* **ASSIGNED TASK**:
Within the listing below, locate all lines containing the word "terms". Copy each one.

________

lemma fword_val_segment:
  assumes "w \<in> lists (S \<times> UNIV)" "i \<le> j"
  shows "fword_val G (take (j - i) (drop i w)) = inv (fword_val G (take i w)) \<otimes> fword_val G (take j w)"
proof -
  have "take j w = take i w @ take (j - i) (drop i w)"
    using take_add[of i "j - i" w] assms(2) by simp
  moreover have "take i w \<in> lists (S \<times> UNIV)" "take (j - i) (drop i w) \<in> lists (S \<times> UNIV)"
    using assms(1) by (auto dest: in_set_takeD in_set_dropD)
  ultimately show ?thesis
    by (simp add: fword_val_append fword_val_closed del: lists_UNIV)
qed

lemma fword_val_take_closed: "w \<in> lists (S \<times> UNIV) \<Longrightarrow> fword_val G (take i w) \<in> carrier G"
  by (intro fword_val_closed) (auto dest: in_set_takeD)

lemma prefix_vals_is_cycle:
  assumes "w \<in> lists (S \<times> UNIV)" "fword_val G w = \<one>" "w \<noteq> []"
  shows "is_cycle G S (\<lambda>i. fword_val G (take i w)) (length w)"
  unfolding is_cycle_def
proof (intro conjI allI impI ballI)
  fix i
  show "fword_val G (take i w) \<in> carrier G"
    using assms(1) by (rule fword_val_take_closed)
  assume i: "i \<in> {1..length w}"
  then have "w ! (i - 1) \<in> S \<times> UNIV"
    using assms(1) by (auto dest: nth_mem)
  then have "letter_val G (w ! (i - 1)) \<in> S"
    by (rule letter_val_in_gens)
  moreover have "take 1 (drop (i - 1) w) = [w ! (i - 1)]"
    using i by (subst Cons_nth_drop_Suc[symmetric]) auto
  then have "letter_val G (w ! (i - 1)) = inv (fword_val G (take (i - 1) w)) \<otimes> fword_val G (take i w)"
    using fword_val_segment[OF assms(1), of "i - 1" i] i \<open>letter_val G (w ! (i - 1)) \<in> S\<close> by simp
  ultimately show "\<exists>s\<in>S. fword_val G (take i w) = fword_val G (take (i - 1) w) \<otimes> s"
    using fword_val_take_closed[OF assms(1)] by (intro bexI[of _ "letter_val G (w ! (i - 1))"]) simp_all
qed (use assms in \<open>auto simp: Suc_le_eq\<close>)

lemma exists_short_fword_between:
  assumes "g \<in> carrier G" "h \<in> carrier G" "word_dist G S g h \<le> e"
  shows "\<exists>u\<in>lists (S \<times> UNIV). length u \<le> e \<and> fword_val G u = inv g \<otimes> h"
proof -
  obtain u where "u \<in> lists S" "length u = word_dist G S g h" "word_val G u = inv g \<otimes> h"
    using word_dist_attained assms by blast
  then show ?thesis
    using assms(3) by (intro bexI[of _ "map (\<lambda>s. (s, True)) u"]) (auto simp: fword_val_map_pos)
qed

lemma cycle_central_triangle:
  assumes cycle: "is_cycle G S g n" and "3 \<le> n" and "has_k_triangulation G S D g n"
  shows "\<exists>x y z. 1 \<le> x \<and> x < y \<and> y < z \<and> z \<le> n \<and>
    2 * (y - x) \<le> n \<and> 2 * (z - y) \<le> n \<and> n \<le> 2 * (z - x) \<and>
    word_dist G S (g x) (g y) \<le> max D 1 \<and> word_dist G S (g y) (g z) \<le> max D 1 \<and>
    word_dist G S (g x) (g z) \<le> max D 1"
proof -
  obtain T where T: "tri [1..<Suc n] T" "\<forall>(i, j)\<in>T. word_dist G S (g i) (g j) \<le> D"
    using assms(3) unfolding has_k_triangulation_def by blast
  have edge: "word_dist G S (g a) (g b) \<le> max D 1"
    if "tri_edge T 1 n a b" "1 \<le> a" "a < b" "b \<le> n" for a b
    using that(1) unfolding tri_edge_def
  proof (elim disjE conjE)
    assume "(a, b) \<in> T"
    then show ?thesis
      using T(2) by fastforce
  next
    assume "a = 1" "b = n"
    then show ?thesis
      using is_cycle_dist_wrap[OF cycle, of n] that by simp
  next
    assume "b = Suc a"
    then show ?thesis
      using is_cycle_dist_arc[OF cycle, of a b] that by simp
  qed
  have "central_triangle T 1 n n"
    using assms(2) by (intro tri_central_triangle[OF T(1) refl]) auto
  then obtain x y z where "1 \<le> x" "x < y" "y < z" "z \<le> n"
    "2 * (y - x) \<le> n" "2 * (z - y) \<le> n" "n \<le> 2 * (z - x)"
    "tri_edge T 1 n x y" "tri_edge T 1 n y z" "tri_edge T 1 n x z"
    unfolding central_triangle_def
    by blast
  then show ?thesis
    using edge[of x y] edge[of y z] edge[of x z] by (intro exI[of _ x] exI[of _ y] exI[of _ z]) simp
qed

text \<open>With w = w1 w2 w3 w4 cut at the points x, y, z, the four loops are
  w2 u^-1, w3 v^-1, w4 w1 t^-1 and t u v.\<close>
lemma area_le_triangle_split:
  assumes w: "w \<in> lists (S \<times> UNIV)" "fword_val G w = \<one>"
    and xyz: "x \<le> y" "y \<le> z" "z \<le> length w"
    and words: "u \<in> lists (S \<times> UNIV)" "v \<in> lists (S \<times> UNIV)" "t \<in> lists (S \<times> UNIV)"
  defines "p \<equiv> \<lambda>i. fword_val G (take i w)"
  assumes vals: "fword_val G u = inv (p x) \<otimes> p y" "fword_val G v = inv (p y) \<otimes> p z"
      "fword_val G t = inv (p z) \<otimes> p x"
    and short: "\<And>c. c \<in> lists (S \<times> UNIV) \<Longrightarrow> fword_val G c = \<one> \<Longrightarrow> length c \<le> L \<Longrightarrow> area_le S R c k"
    and lens: "y - x + length u \<le> L" "z - y + length v \<le> L" "length w - (z - x) + length t \<le> L"
      "length t + length u + length v \<le> L"
  shows "area_le S R w (4 * k)"
proof -
  define seg where "seg i j = take (j - i) (drop i w)" for i j
  have seg_lists: "seg i j \<in> lists (S \<times> UNIV)" for i j
    using w(1) by (auto simp: seg_def dest: in_set_takeD in_set_dropD)
  have seg_val: "fword_val G (seg i j) = inv (p i) \<otimes> p j" if "i \<le> j" for i j
    using fword_val_segment[OF w(1) that] by (simp add: seg_def p_def)
  have p_carrier: "p i \<in> carrier G" for i
    using fword_val_take_closed[OF w(1)] by (simp add: p_def)
  have "w = seg 0 x @ seg x y @ seg y z @ seg z (length w)"
    using xyz by (simp add: seg_def) (metis append.assoc append_take_drop_id le_add_diff_inverse
      take_add)
  moreover have "area_le S R (seg x y @ fword_inv u) k"
    using xyz seg_val p_carrier vals lens words seg_lists
    by (intro short) (auto simp: fword_val_append_fword_inv seg_def)
  moreover have "area_le S R (seg y z @ fword_inv v) k"
    using xyz seg_val p_carrier vals lens words seg_lists
    by (intro short) (auto simp: fword_val_append_fword_inv seg_def)
  moreover have "area_le S R (seg z (length w) @ seg 0 x @ fword_inv t) k"
  proof (rule short)
    have "fword_val G (seg z (length w) @ seg 0 x) = inv (p z) \<otimes> p x"
      using xyz seg_val[of z "length w"] seg_val[of 0 x] w(2) p_carrier
      by (simp add: fword_val_append seg_lists p_def del: lists_UNIV)
    then show "fword_val G (seg z (length w) @ seg 0 x @ fword_inv t) = \<one>"
      using fword_val_append_fword_inv[of "seg z (length w) @ seg 0 x" t] vals words seg_lists
      by simp
    show "seg z (length w) @ seg 0 x @ fword_inv t \<in> lists (S \<times> UNIV)"
      using seg_lists words(3) by (simp del: lists_UNIV)
    show "length (seg z (length w) @ seg 0 x @ fword_inv t) \<le> L"
      using xyz lens by (simp add: seg_def)
  qed
  moreover have "area_le S R (t @ u @ v) k"
    using vals words lens p_carrier
    by (intro short) (simp_all add: fword_val_append m_assoc del: lists_UNIV)
  ultimately have "area_le S R w (k + k + k + k)"
    using area_le_triangle[of "seg 0 x" S u v R "seg x y" k "seg y z" k "seg z (length w)" t k k]
      seg_lists words by simp
  then show ?thesis
    by (rule area_le_mono) simp
qed
definition replication_bound :: "real \<Rightarrow> real \<Rightarrow> real \<Rightarrow> real" where
  "replication_bound \<alpha> g \<Gamma> = g * \<Gamma> - pos_part (\<alpha> * Lambda g \<Gamma>)"

definition alpha0 :: real where
  "alpha0 = (THE a. 0 < a \<and> a^2 - (a - 1) * sqrt (a + 1) - 2 = 0)"

definition psi :: "real \<Rightarrow> real" where
  "psi \<alpha> = 1 + \<alpha> - (SUP q\<in>{1/2..1}.
      2 * \<alpha> * q + 4 * q * sqrt ((1 - q) * q * (1 + \<alpha>)) - q^2 * (3 * \<alpha> + 1))"

definition gamma_bar :: "real \<Rightarrow> real" where
  "gamma_bar \<alpha> =
     (if \<alpha> \<le> alpha0 then (1 / (1 + \<alpha>)) * min \<alpha> (psi \<alpha>)
      else if \<alpha> \<le> 2 then \<alpha> / (2 * (1 + \<alpha>)) *
             (1 + (\<alpha> + 5 - 4 * sqrt (\<alpha> + 1)) / (3 * \<alpha> + 1))
      else \<alpha> / (2 * (1 + \<alpha>)))"

end

theory Submission
  imports Defs "HOL-Real_Asymp.Real_Asymp"
begin

text \<open>
  For (i), the closed form of \<open>\<beta>\<^sub>0\<close> writes \<open>2 E\<^sub>0(\<alpha>, \<Gamma>) - \<alpha> log \<Gamma>\<close> in terms of
  \<open>sqrt ((\<Gamma> + 1 - \<alpha>)\<^sup>2 + 4\<alpha>) - \<Gamma> \<longrightarrow> 1 - \<alpha>\<close>, and \<open>2 E\<^sub>0\<close> is eventually below the linear
  term \<open>\<gamma>\<Gamma>\<close>; (ii) is an identity for \<open>\<Gamma> \<ge> \<alpha>/\<gamma>\<close>.
  The replication bound rests on the expansion
  \<open>\<Phi>(\<rho>, \<Gamma>) = \<Gamma>\<rho>/(1 + \<rho>) - \<rho> log \<Gamma> + (2\<rho> + 1) log (1 + \<rho>) - \<rho> + O(1/\<Gamma>)\<close>,
  uniform in \<open>\<rho> \<in> (0, 1]\<close>. For \<open>g \<ge> 1/3\<close> the supremum defining \<open>\<Lambda>\<close> is then attained at
  \<open>\<rho> = 1\<close> up to \<open>O(1/\<Gamma>)\<close>, and since \<open>\<gamma>\<^sub>\<alpha> = \<alpha>(1/2 - \<gamma>\<^sub>\<alpha>)\<close> the linear terms of
  \<open>\<gamma>\<^sub>\<alpha>\<Gamma> - \<alpha>\<Lambda>\<close> cancel, leaving \<open>\<alpha> log \<Gamma> + \<alpha> log (e/8)\<close>. For general \<open>g\<close>,
  \<open>\<Lambda>(\<Gamma>)/\<Gamma>\<close> tends to \<open>sup\<^sub>\<rho> (1/(1 + \<rho>) - g/\<rho>)\<close>, and \<open>\<alpha>\<close> times this supremum is below
  \<open>g\<close> once \<open>g\<close> exceeds an explicit threshold, which \<open>gamma_bar \<alpha>\<close> does for \<open>\<alpha> < 2\<close>.
\<close>

section \<open>The converse and spherical cap bounds\<close>

lemma beta0_eq:
  fixes a G :: real
  assumes "0 < a" "0 < G"
  shows "beta0 a G = (G + 1 + a + sqrt ((G + 1 - a)^2 + 4 * a)) / (2 * (1 + a))"
proof -
  have pos: "0 < 1 + a + G" using assms by simp
  have "1 - 4 * G * a / (1 + a + G)^2 = ((1 + a + G)^2 - 4 * G * a) / (1 + a + G)^2"
    using pos by (simp add: field_simps)
  also have "(1 + a + G)^2 - 4 * G * a = (G + 1 - a)^2 + 4 * a"
    by (simp add: power2_eq_square algebra_simps)
  finally have "1 - 4 * G * a / (1 + a + G)^2 = ((G + 1 - a)^2 + 4 * a) / (1 + a + G)^2" .
  then have "sqrt (1 - 4 * G * a / (1 + a + G)^2) = sqrt ((G + 1 - a)^2 + 4 * a) / (1 + a + G)"
    using pos by (simp add: real_sqrt_divide)
  then show ?thesis
    unfolding beta0_def using pos assms by (simp add: field_simps)
qed

lemma two_E0_minus_ln_eq:
  fixes a G :: real
  defines "D \<equiv> sqrt ((G + 1 - a)^2 + 4 * a) - G"
  assumes a: "0 < a" and G: "0 < G"
  shows "2 * E0 a G - a * ln G = (1 + a - D) / 2 + ln ((1 + a + D) / (2 * (1 + a)))
           + a * ln ((2 + (1 + a + D) / G) / (2 * (1 + a)))"
proof -
  have "0 \<le> (G + 1 - a)^2 + 4 * a"
    using a G by (intro add_nonneg_nonneg) auto
  then have D0: "0 \<le> D + G"
    unfolding D_def by simp
  have b: "beta0 a G = (2 * G + 1 + a + D) / (2 * (1 + a))"
    using beta0_eq[OF a G] by (simp add: D_def)
  have a1: "1 + a \<noteq> 0"
    using a by simp
  have "0 < beta0 a G"
    unfolding b using D0 a G by (simp add: zero_less_divide_iff)
  then have "ln (beta0 a G) - ln G = ln (beta0 a G / G)"
    using a G by (simp add: ln_div)
  also have "beta0 a G / G = (2 + (1 + a + D) / G) / (2 * (1 + a))"
    unfolding b using a1 G by (simp add: field_simps)
  finally have ln_quot: "ln (beta0 a G) - ln G = ln ((2 + (1 + a + D) / G) / (2 * (1 + a)))" .
  have ln_arg: "beta0 a G - G / (1 + a) = (1 + a + D) / (2 * (1 + a))"
  proof -
    have "G / (1 + a) = 2 * G / (2 * (1 + a))"
      by (rule mult_divide_mult_cancel_left[symmetric]) simp
    then show ?thesis
      unfolding b by (simp add: diff_divide_distrib[symmetric])
  qed
  have lin: "(1 - beta0 a G) * (1 + a) + G = (1 + a - D) / 2"
    unfolding b using a1 G by (simp add: field_simps)
  have "2 * E0 a G - a * ln G = ((1 - beta0 a G) * (1 + a) + G) + ln (beta0 a G - G / (1 + a))
          + a * (ln (beta0 a G) - ln G)"
    unfolding E0_def by (simp add: algebra_simps)
  then show ?thesis
    unfolding lin ln_arg ln_quot .
qed

lemma two_E0_minus_ln_tendsto:
  fixes a :: real
  assumes "0 < a"
  shows "((\<lambda>G. 2 * E0 a G - a * ln G) \<longlongrightarrow> a - (1 + a) * ln (1 + a)) at_top"
proof -
  define D where "D G = sqrt ((G + 1 - a)^2 + 4 * a) - G" for G
  have D: "(D \<longlongrightarrow> 1 - a) at_top"
    unfolding D_def using assms by real_asymp
  have inv: "((\<lambda>G::real. 1 / G) \<longlongrightarrow> 0) at_top"
    by real_asymp
  have "((\<lambda>G. (1 + a - D G) / 2 + ln ((1 + a + D G) / (2 * (1 + a)))
             + a * ln ((2 + (1 + a + D G) * (1 / G)) / (2 * (1 + a))))
        \<longlongrightarrow> (1 + a - (1 - a)) / 2 + ln ((1 + a + (1 - a)) / (2 * (1 + a)))
             + a * ln ((2 + (1 + a + (1 - a)) * 0) / (2 * (1 + a)))) at_top"
    using assms by (intro tendsto_intros D inv) auto
  also have "(1 + a - (1 - a)) / 2 + ln ((1 + a + (1 - a)) / (2 * (1 + a)))
             + a * ln ((2 + (1 + a + (1 - a)) * 0) / (2 * (1 + a))) = a - (1 + a) * ln (1 + a)"
  proof -
    have "(1 + a + (1 - a)) / (2 * (1 + a)) = 1 / (1 + a)"
      "(2 + (1 + a + (1 - a)) * 0) / (2 * (1 + a)) = 1 / (1 + a)"
      using assms by (simp_all add: field_simps)
    moreover have "ln (1 / (1 + a)) = - ln (1 + a)"
      using assms by (simp add: ln_div)
    ultimately show ?thesis
      by (simp add: algebra_simps)
  qed
  finally show ?thesis
  proof (rule Lim_transform_eventually)
    show "\<forall>\<^sub>F G in at_top. (1 + a - D G) / 2 + ln ((1 + a + D G) / (2 * (1 + a)))
             + a * ln ((2 + (1 + a + D G) * (1 / G)) / (2 * (1 + a))) = 2 * E0 a G - a * ln G"
      using eventually_gt_at_top[of 0]
      by eventually_elim (simp add: two_E0_minus_ln_eq[OF assms] D_def)
  qed
qed

lemma converse_bound_asymptotics:
  fixes \<alpha> \<gamma> :: real
  assumes "0 < \<alpha>" "0 < \<gamma>"
  shows "((\<lambda>\<Gamma>. converse_bound \<alpha> \<gamma> \<Gamma> - \<alpha> * ln \<Gamma> - (\<alpha> - (1 + \<alpha>) * ln (1 + \<alpha>))) \<longlongrightarrow> 0) at_top"
proof -
  define C where "C = \<alpha> - (1 + \<alpha>) * ln (1 + \<alpha>)"
  have lim: "((\<lambda>\<Gamma>. 2 * E0 \<alpha> \<Gamma> - \<alpha> * ln \<Gamma>) \<longlongrightarrow> C) at_top"
    unfolding C_def by (rule two_E0_minus_ln_tendsto[OF assms(1)])
  from lim have "((\<lambda>\<Gamma>. 2 * E0 \<alpha> \<Gamma> - \<alpha> * ln \<Gamma> - C) \<longlongrightarrow> 0) at_top"
    by (simp add: LIM_zero)
  moreover have "\<forall>\<^sub>F \<Gamma> in at_top. 2 * E0 \<alpha> \<Gamma> - \<alpha> * ln \<Gamma> - C = converse_bound \<alpha> \<gamma> \<Gamma> - \<alpha> * ln \<Gamma> - C"
  proof -
    have "\<forall>\<^sub>F \<Gamma> in at_top. \<alpha> * ln \<Gamma> + (C + 1) \<le> \<gamma> * \<Gamma>"
      using assms by real_asymp
    moreover have "\<forall>\<^sub>F \<Gamma> in at_top. 2 * E0 \<alpha> \<Gamma> - \<alpha> * ln \<Gamma> < C + 1"
      using order_tendstoD(2)[OF lim, of "C + 1"] by simp
    ultimately show ?thesis
      by eventually_elim (auto simp: converse_bound_def min_def)
  qed
  ultimately show ?thesis
    unfolding C_def by (rule Lim_transform_eventually)
qed

lemma cap_bound_asymptotics:
  fixes \<alpha> \<gamma> :: real
  assumes "0 < \<alpha>" "0 < \<gamma>"
  shows "((\<lambda>\<Gamma>. cap_bound \<alpha> \<gamma> \<Gamma> - \<alpha> * ln \<Gamma> - (\<alpha> * ln (\<gamma> / \<alpha>) + \<alpha>)) \<longlongrightarrow> 0) at_top"
proof (rule Lim_transform_eventually[OF tendsto_const])
  show "\<forall>\<^sub>F \<Gamma> in at_top. 0 = cap_bound \<alpha> \<gamma> \<Gamma> - \<alpha> * ln \<Gamma> - (\<alpha> * ln (\<gamma> / \<alpha>) + \<alpha>)"
    using eventually_ge_at_top[of "\<alpha> / \<gamma>"]
  proof eventually_elim
    case (elim \<Gamma>)
    moreover have "0 < \<alpha> / \<gamma>"
      using assms by simp
    ultimately have "0 < \<Gamma>"
      by linarith
    then have "ln (\<gamma> * \<Gamma> / \<alpha>) = ln (\<gamma> / \<alpha>) + ln \<Gamma>"
      using assms by (simp add: ln_mult_pos[symmetric])
    with elim show ?case
      by (simp add: cap_bound_def algebra_simps)
  qed
qed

________

* **YOUR SOLUTION**:
  For (i), the closed form of \<open>\<beta>\<^sub>0\<close> writes \<open>2 E\<^sub>0(\<alpha>, \<Gamma>) - \<alpha> log \<Gamma>\<close> in terms of
  \<open>\<rho> = 1\<close> up to \<open>O(1/\<Gamma>)\<close>, and since \<open>\<gamma>\<^sub>\<alpha> = \<alpha>(1/2 - \<gamma>\<^sub>\<alpha>)\<close> the linear terms of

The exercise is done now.